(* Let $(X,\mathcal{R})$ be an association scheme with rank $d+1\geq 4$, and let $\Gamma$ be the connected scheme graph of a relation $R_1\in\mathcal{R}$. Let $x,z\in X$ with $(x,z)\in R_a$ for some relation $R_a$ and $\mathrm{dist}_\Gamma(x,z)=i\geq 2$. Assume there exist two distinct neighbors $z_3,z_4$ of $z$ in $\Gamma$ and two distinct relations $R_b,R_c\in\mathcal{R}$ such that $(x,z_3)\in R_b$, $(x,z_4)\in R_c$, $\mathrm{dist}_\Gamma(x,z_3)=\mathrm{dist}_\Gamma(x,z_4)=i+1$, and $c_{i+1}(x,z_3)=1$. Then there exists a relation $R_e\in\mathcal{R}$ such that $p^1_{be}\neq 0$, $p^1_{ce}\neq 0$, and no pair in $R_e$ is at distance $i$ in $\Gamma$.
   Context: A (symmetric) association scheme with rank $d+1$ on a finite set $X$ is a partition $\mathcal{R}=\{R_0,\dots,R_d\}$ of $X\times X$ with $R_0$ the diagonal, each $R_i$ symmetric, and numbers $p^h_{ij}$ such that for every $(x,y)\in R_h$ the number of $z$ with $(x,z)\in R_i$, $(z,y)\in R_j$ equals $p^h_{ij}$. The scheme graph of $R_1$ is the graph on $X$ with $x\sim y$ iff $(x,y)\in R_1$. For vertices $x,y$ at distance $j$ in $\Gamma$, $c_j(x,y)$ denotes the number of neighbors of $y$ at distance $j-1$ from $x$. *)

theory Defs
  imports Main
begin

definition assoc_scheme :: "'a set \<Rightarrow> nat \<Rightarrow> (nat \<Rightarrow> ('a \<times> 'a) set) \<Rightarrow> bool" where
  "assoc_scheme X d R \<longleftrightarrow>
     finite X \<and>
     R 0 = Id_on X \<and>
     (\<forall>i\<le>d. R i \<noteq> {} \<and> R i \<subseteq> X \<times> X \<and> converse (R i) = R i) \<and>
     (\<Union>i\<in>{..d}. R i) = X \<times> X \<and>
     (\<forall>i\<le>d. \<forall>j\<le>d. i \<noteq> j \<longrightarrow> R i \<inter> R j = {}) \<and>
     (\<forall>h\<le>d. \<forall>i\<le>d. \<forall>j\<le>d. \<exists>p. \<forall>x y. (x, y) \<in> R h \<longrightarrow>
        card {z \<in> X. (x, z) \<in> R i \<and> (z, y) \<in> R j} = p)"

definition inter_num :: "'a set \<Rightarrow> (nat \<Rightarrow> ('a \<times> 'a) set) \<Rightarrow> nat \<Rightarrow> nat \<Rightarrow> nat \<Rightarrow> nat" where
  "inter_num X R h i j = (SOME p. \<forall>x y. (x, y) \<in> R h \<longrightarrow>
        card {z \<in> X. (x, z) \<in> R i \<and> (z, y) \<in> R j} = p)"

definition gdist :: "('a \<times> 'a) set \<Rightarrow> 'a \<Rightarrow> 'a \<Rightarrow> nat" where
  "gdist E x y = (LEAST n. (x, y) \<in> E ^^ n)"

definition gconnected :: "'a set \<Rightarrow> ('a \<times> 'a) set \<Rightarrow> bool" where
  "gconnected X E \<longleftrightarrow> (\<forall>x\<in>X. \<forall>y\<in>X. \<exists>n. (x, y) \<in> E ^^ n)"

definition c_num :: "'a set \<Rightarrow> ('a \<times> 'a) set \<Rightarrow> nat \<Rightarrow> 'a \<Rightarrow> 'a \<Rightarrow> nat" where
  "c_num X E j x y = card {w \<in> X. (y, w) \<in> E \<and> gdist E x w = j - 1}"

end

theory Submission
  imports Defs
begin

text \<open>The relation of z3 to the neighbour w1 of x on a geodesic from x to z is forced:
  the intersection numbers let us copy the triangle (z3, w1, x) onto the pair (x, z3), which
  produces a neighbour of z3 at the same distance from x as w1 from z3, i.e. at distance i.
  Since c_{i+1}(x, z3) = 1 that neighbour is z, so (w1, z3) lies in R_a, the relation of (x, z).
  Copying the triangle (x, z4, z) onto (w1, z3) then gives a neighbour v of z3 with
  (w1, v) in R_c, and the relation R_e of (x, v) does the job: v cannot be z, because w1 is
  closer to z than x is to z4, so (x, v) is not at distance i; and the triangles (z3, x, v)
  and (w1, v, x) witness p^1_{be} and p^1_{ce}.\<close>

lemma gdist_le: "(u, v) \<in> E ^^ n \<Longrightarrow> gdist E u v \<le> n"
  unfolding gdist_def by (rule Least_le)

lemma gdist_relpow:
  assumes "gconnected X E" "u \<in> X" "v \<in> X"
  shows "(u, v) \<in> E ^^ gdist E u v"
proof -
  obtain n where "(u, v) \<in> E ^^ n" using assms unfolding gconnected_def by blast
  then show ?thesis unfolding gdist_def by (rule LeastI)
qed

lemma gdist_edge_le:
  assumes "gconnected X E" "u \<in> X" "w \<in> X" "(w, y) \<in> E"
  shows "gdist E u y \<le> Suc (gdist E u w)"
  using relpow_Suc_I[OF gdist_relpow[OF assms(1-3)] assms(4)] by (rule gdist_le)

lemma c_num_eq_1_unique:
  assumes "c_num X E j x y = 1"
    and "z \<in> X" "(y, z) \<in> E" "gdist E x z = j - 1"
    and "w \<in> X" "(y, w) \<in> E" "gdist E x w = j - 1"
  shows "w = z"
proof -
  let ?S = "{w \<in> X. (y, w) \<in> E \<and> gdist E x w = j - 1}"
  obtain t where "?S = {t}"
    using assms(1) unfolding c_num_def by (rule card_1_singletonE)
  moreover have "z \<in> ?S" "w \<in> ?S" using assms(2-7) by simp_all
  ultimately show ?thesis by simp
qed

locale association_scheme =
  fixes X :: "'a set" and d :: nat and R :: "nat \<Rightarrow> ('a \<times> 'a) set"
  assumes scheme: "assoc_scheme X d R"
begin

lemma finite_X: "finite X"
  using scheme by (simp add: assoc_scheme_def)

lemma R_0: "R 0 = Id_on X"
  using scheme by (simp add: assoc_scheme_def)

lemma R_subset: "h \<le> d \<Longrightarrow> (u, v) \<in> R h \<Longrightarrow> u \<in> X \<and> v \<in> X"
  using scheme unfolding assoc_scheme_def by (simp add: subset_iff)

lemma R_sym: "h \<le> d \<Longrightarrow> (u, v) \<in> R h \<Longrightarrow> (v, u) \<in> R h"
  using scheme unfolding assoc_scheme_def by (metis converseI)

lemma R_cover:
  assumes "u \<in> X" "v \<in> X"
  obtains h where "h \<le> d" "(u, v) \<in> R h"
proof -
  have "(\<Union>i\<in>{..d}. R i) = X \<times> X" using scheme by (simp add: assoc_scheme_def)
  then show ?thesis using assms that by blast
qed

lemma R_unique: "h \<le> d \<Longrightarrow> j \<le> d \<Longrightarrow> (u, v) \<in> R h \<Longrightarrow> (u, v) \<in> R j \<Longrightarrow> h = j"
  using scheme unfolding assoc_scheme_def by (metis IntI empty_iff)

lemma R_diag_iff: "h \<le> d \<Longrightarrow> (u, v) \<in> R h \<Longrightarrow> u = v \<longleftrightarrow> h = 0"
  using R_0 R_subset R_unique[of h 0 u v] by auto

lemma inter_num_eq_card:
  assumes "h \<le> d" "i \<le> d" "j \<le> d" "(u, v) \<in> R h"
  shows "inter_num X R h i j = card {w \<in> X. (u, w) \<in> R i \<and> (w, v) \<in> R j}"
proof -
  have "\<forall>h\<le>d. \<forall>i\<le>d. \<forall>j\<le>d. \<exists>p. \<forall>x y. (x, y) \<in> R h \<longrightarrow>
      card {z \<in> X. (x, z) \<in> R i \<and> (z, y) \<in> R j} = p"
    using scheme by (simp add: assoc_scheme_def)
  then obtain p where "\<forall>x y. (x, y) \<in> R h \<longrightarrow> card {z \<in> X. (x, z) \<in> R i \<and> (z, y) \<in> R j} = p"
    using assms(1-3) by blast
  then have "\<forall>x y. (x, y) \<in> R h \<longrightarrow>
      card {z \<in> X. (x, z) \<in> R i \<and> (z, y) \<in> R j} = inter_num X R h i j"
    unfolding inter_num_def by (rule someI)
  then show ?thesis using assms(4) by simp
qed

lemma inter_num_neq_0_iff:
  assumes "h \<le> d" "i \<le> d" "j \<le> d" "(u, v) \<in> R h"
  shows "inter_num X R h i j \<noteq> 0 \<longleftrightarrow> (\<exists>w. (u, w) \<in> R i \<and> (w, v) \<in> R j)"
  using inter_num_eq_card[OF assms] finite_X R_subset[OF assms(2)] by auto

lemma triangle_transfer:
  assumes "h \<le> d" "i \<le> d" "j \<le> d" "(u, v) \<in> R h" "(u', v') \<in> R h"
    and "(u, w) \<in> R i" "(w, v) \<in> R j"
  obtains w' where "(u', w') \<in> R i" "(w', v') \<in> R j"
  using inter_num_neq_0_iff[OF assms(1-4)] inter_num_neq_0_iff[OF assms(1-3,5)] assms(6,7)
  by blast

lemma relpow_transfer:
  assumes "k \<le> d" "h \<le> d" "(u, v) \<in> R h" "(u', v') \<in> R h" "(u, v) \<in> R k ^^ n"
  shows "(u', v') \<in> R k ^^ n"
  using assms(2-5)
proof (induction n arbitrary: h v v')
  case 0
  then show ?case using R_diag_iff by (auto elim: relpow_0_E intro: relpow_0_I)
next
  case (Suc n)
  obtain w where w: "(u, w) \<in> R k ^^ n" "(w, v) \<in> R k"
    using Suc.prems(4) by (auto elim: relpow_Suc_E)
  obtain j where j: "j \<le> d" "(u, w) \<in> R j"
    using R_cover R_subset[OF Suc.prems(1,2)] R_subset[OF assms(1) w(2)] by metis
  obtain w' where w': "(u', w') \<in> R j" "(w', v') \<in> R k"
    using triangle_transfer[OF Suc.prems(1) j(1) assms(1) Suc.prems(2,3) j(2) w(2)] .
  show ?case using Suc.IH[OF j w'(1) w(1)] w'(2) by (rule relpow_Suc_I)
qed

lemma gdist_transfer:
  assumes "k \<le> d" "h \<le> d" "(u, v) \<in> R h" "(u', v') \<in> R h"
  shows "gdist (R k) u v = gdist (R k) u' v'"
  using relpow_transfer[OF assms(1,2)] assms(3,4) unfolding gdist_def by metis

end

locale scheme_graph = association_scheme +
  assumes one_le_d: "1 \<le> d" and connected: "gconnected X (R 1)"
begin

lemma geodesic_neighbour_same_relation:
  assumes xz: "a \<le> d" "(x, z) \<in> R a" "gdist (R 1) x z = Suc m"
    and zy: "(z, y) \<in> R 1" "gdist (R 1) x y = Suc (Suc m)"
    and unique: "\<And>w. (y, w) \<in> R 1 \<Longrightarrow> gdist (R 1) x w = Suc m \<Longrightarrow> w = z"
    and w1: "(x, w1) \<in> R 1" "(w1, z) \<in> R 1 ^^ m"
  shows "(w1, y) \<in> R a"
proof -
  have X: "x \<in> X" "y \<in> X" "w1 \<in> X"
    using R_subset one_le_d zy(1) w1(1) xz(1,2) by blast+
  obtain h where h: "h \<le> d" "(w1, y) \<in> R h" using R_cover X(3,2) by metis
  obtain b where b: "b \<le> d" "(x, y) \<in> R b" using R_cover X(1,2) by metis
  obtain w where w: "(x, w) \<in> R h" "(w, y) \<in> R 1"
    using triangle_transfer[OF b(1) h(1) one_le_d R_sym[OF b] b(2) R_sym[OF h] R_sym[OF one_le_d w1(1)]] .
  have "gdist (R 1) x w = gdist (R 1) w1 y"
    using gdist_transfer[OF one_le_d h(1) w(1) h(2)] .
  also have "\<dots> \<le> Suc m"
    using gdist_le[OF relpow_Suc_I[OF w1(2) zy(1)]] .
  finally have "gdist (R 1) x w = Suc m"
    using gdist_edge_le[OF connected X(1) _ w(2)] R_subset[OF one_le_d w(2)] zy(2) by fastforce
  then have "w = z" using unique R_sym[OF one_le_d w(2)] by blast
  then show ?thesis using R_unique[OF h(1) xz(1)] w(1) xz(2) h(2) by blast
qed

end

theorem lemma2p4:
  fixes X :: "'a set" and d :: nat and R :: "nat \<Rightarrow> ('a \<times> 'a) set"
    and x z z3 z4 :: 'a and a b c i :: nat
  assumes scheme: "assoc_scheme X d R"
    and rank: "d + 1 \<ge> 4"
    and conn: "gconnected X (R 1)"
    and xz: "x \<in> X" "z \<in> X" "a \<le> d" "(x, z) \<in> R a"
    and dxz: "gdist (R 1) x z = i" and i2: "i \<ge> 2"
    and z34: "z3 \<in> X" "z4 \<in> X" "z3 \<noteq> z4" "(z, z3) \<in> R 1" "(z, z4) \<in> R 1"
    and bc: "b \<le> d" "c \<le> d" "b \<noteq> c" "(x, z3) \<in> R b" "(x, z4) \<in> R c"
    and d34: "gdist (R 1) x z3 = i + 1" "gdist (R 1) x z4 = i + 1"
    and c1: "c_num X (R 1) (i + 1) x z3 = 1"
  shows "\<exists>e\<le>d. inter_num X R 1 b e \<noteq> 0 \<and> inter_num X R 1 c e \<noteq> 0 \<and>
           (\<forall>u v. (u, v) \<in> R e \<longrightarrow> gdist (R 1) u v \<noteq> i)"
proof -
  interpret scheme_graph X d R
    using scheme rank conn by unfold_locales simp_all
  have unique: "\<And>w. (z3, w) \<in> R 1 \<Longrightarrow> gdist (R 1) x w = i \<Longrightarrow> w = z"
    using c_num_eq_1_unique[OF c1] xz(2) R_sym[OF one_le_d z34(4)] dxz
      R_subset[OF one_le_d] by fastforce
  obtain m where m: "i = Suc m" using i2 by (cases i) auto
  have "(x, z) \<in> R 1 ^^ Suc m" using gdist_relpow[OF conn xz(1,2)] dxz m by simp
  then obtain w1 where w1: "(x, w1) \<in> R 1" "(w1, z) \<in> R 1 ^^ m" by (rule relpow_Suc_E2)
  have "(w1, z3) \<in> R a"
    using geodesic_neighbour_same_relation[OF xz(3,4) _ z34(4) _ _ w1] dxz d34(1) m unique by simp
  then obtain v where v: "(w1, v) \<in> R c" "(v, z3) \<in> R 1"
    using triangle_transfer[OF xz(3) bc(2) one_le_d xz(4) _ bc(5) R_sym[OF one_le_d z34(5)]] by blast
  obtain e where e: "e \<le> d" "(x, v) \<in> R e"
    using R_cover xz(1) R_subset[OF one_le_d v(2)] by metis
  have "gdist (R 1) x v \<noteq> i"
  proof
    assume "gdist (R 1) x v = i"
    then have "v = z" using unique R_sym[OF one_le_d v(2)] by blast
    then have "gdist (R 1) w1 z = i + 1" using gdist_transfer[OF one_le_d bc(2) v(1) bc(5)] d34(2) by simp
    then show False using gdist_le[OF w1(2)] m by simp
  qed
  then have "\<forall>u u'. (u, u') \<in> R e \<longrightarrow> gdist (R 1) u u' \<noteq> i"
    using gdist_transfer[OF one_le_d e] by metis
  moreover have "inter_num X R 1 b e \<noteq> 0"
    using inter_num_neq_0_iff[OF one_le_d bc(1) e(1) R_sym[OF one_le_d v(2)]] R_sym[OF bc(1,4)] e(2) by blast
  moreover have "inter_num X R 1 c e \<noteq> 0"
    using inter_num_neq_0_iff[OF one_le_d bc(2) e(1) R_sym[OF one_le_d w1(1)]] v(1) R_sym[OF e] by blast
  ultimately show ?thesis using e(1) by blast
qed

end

--

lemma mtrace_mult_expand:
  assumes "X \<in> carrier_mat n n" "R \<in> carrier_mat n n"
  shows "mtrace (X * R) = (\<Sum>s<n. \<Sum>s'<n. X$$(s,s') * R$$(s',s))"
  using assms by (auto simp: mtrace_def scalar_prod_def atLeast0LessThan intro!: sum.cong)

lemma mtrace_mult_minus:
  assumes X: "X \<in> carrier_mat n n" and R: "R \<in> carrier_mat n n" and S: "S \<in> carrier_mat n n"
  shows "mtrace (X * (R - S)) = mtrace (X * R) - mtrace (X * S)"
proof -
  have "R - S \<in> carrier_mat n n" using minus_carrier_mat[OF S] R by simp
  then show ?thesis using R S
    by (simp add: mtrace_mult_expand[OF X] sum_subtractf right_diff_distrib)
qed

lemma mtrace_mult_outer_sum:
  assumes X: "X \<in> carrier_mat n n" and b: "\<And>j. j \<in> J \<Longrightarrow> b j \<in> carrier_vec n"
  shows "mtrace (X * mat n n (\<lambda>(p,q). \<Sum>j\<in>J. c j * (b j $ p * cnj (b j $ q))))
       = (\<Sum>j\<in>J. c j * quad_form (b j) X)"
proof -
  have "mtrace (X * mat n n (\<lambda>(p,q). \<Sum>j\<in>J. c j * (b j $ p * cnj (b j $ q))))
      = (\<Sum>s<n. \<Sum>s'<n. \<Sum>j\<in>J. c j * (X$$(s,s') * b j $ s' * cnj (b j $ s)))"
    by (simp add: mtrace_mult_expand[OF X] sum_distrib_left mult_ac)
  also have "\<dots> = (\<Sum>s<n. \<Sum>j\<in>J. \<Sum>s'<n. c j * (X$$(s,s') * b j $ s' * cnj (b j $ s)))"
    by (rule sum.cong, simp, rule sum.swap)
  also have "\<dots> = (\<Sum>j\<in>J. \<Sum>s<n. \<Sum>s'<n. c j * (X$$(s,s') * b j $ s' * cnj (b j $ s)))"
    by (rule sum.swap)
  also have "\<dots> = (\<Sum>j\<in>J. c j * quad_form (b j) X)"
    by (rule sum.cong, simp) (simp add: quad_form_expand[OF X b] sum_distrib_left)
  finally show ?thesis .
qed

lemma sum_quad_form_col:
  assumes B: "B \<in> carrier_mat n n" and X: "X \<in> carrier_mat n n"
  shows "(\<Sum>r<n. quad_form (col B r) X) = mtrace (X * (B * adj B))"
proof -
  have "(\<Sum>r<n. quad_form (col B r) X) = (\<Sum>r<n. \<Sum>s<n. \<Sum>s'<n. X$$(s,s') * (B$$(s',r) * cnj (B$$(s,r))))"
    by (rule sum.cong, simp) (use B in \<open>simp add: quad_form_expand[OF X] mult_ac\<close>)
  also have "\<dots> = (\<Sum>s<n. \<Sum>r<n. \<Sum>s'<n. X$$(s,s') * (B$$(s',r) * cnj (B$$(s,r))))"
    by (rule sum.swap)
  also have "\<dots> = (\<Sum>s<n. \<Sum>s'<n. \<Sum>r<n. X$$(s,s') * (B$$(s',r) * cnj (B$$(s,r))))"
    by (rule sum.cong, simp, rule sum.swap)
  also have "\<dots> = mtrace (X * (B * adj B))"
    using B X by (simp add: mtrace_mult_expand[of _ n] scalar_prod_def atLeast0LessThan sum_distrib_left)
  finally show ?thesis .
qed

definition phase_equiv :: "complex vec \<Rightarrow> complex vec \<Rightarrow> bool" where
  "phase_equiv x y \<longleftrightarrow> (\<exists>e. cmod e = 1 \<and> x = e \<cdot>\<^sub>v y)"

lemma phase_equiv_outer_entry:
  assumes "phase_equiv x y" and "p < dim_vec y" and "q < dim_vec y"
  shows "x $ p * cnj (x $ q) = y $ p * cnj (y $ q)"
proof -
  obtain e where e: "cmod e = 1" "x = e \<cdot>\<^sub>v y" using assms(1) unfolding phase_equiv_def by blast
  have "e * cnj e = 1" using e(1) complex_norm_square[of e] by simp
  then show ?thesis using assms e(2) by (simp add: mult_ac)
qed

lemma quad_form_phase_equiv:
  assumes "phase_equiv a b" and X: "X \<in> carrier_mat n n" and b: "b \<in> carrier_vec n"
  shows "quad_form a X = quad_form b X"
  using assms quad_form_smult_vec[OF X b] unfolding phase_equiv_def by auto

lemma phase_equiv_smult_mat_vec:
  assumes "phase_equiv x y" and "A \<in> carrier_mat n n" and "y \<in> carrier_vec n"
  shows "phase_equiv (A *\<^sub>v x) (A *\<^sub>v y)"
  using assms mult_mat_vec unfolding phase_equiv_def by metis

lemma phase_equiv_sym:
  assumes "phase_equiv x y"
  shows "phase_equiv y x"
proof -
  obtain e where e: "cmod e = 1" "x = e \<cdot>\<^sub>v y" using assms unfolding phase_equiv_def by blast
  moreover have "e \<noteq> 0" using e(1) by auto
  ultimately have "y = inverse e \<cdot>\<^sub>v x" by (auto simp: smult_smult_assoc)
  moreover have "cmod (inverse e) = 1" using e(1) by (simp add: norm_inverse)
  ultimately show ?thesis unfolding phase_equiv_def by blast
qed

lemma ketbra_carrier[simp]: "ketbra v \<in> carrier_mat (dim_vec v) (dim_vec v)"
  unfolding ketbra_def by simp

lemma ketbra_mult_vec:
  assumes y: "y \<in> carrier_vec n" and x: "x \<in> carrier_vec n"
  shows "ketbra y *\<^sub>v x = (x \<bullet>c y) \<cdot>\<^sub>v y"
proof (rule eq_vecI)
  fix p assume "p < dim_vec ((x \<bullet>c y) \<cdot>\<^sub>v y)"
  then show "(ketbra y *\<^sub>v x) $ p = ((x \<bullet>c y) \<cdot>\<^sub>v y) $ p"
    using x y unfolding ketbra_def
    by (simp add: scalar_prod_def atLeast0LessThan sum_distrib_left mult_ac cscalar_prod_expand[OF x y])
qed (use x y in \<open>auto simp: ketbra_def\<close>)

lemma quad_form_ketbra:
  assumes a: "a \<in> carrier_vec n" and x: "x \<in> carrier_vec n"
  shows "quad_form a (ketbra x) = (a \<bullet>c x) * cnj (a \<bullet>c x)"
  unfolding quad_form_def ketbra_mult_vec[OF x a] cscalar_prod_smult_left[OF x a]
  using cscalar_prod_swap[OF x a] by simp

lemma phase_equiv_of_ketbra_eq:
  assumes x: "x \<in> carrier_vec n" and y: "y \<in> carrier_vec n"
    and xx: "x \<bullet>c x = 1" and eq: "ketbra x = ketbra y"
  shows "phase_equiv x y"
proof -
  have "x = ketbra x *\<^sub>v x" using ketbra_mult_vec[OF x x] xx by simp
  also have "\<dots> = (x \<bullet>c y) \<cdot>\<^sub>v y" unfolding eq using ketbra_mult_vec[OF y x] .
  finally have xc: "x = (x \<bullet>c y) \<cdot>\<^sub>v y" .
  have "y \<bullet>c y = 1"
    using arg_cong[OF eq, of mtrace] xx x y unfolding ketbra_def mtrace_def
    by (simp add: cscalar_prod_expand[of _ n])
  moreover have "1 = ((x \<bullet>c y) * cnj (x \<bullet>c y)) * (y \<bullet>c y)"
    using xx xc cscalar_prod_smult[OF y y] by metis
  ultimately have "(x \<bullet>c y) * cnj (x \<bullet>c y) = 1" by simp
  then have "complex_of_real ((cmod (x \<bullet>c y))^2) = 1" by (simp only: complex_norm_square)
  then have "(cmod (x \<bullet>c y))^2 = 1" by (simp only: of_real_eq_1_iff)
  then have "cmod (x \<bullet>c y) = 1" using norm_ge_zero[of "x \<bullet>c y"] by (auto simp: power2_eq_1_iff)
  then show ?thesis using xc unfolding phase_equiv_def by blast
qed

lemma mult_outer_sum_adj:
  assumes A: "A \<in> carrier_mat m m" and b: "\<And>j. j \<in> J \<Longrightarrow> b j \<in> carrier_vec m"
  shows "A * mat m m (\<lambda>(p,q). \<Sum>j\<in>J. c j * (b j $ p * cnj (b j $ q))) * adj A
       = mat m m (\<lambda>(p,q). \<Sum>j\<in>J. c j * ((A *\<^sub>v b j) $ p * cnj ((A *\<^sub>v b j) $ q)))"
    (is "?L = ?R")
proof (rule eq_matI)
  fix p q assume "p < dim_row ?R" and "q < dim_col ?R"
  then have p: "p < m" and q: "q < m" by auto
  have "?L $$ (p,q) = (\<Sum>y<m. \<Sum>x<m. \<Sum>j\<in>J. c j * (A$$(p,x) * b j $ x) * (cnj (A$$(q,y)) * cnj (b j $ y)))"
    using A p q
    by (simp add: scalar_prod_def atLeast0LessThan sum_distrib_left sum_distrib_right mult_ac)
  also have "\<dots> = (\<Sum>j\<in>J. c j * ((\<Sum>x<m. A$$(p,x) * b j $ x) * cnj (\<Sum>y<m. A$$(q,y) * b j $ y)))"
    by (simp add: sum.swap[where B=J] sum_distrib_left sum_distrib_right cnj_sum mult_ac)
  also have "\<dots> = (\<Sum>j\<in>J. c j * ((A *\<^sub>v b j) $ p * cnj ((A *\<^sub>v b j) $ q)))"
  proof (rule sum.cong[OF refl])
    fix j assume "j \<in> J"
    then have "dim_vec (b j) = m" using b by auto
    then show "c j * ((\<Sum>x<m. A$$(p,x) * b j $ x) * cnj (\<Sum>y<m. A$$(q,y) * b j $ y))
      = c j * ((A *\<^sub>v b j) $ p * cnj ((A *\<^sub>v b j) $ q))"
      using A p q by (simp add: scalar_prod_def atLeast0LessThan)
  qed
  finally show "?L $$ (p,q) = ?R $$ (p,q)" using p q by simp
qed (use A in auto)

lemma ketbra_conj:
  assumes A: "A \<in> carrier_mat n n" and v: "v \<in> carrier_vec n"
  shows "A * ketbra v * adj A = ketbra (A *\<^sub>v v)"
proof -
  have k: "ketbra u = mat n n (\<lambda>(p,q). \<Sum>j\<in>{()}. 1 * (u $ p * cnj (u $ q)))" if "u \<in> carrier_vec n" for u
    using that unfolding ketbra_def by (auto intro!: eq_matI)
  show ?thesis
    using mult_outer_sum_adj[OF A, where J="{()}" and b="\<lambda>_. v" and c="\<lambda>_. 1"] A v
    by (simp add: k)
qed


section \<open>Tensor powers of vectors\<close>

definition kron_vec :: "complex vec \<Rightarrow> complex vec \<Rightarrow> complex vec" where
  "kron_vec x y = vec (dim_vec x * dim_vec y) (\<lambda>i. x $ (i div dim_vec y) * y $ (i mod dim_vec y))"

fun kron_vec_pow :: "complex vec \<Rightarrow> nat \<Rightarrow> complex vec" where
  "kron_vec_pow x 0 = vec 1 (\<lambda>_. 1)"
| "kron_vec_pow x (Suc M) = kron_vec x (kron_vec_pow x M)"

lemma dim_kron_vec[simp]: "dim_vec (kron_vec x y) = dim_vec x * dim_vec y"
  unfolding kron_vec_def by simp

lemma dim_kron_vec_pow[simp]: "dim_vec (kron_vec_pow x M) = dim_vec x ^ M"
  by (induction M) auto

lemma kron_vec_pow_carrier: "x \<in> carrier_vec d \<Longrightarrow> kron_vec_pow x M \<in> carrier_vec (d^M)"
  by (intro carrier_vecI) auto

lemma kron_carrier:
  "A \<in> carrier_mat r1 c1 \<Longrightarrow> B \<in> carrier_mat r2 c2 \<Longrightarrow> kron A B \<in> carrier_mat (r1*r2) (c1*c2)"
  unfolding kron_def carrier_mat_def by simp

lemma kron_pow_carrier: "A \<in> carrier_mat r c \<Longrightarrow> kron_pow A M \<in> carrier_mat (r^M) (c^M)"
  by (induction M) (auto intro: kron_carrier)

_Problem statement_
Find the lines above that contain the word "fastforce" and collect them.

_Answer section_
    using gdist_edge_le[OF connected X(1) _ w(2)] R_subset[OF one_le_d w(2)] zy(2) by fastforce
      R_subset[OF one_le_d] by fastforce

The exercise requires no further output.